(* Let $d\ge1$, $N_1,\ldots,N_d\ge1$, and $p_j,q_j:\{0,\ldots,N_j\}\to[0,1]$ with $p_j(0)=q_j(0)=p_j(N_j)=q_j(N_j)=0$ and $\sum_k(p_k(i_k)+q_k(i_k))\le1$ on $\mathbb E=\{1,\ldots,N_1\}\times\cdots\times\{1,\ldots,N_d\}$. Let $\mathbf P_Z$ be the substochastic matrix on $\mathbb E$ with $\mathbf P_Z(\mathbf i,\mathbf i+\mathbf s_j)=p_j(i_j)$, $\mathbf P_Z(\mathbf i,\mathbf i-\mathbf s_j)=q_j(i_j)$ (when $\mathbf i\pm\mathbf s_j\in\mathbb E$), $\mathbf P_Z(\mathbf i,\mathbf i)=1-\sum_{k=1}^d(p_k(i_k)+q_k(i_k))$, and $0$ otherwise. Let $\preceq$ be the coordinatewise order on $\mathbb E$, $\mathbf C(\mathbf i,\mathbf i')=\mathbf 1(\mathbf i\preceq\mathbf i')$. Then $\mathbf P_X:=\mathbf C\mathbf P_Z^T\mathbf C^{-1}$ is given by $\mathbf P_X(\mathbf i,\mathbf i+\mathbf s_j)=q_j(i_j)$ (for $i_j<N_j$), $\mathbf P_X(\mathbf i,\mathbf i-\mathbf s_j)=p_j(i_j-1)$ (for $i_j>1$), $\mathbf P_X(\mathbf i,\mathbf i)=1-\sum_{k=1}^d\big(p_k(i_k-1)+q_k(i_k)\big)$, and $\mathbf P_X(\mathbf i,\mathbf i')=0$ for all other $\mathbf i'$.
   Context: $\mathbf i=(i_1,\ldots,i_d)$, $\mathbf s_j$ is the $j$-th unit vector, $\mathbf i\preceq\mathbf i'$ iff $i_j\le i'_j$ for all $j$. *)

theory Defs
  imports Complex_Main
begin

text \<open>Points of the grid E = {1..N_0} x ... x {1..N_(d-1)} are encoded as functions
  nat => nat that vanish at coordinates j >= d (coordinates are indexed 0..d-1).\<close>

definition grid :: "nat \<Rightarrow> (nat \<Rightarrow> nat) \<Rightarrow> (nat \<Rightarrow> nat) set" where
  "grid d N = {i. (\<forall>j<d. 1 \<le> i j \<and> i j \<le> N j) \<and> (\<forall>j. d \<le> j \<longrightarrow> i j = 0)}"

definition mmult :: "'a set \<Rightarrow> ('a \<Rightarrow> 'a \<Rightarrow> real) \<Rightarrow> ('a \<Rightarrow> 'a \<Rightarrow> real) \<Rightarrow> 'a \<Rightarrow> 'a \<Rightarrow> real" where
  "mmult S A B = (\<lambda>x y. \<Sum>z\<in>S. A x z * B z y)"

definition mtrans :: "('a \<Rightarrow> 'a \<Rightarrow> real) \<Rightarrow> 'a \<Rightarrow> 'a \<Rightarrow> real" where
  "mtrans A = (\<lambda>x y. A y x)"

------------------------------------------------

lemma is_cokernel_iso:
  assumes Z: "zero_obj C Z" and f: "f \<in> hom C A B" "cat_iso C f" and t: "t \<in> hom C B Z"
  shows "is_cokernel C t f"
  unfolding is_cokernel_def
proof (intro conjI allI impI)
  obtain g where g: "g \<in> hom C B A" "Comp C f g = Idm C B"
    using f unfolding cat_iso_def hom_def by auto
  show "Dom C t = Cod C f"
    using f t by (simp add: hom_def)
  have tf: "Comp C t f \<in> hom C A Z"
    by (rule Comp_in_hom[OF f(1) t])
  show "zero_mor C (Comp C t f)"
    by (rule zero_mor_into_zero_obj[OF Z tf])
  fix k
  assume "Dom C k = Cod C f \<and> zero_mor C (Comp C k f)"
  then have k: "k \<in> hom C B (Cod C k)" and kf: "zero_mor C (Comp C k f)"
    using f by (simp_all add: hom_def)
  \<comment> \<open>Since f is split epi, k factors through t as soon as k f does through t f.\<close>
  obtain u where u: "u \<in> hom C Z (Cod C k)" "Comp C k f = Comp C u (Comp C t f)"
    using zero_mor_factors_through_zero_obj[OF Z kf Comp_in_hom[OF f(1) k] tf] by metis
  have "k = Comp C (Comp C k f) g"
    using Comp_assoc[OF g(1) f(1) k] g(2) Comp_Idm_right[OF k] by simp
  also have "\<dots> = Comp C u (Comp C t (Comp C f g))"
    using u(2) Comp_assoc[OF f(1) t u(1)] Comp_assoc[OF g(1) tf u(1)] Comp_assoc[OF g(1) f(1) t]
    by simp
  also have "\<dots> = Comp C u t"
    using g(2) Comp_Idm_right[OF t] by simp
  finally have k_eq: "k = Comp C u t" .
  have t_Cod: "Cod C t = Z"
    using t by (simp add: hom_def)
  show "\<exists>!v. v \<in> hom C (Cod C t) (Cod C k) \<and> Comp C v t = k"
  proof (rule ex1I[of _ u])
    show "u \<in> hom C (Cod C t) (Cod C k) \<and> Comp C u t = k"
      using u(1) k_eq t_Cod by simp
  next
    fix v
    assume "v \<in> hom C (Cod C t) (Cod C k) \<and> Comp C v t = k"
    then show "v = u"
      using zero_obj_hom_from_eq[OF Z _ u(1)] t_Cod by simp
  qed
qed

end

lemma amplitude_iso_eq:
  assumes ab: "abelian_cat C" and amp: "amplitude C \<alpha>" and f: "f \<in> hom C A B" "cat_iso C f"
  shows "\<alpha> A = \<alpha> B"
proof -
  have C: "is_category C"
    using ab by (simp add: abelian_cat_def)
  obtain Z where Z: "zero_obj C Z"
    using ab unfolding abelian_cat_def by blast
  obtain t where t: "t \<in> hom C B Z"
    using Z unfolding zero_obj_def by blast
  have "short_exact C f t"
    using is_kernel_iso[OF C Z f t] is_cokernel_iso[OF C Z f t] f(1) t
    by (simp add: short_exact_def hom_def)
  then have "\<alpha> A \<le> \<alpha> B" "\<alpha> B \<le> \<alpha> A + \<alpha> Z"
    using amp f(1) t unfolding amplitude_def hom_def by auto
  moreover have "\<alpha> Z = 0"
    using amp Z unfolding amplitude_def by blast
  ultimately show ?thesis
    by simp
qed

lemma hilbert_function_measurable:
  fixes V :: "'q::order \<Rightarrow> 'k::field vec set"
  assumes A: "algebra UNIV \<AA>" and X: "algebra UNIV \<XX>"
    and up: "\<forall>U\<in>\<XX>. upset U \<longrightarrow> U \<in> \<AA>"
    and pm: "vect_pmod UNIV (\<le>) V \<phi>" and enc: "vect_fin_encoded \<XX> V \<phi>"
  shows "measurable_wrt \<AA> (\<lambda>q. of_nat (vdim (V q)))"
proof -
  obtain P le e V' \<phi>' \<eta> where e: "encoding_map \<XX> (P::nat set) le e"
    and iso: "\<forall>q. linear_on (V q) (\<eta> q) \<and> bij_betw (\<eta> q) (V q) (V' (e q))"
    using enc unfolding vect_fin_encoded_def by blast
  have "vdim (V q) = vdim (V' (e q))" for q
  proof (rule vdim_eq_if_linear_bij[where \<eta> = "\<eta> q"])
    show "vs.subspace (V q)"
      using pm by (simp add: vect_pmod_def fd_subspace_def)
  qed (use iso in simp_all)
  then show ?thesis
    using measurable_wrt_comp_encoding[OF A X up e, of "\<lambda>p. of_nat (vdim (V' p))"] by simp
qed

------------------------------------------------

__WORK ORDER__.
Please return a copy of each line in the entries that has the string "lemma".

__RESULT BELOW__.
lemma is_cokernel_iso:
lemma amplitude_iso_eq:
lemma hilbert_function_measurable:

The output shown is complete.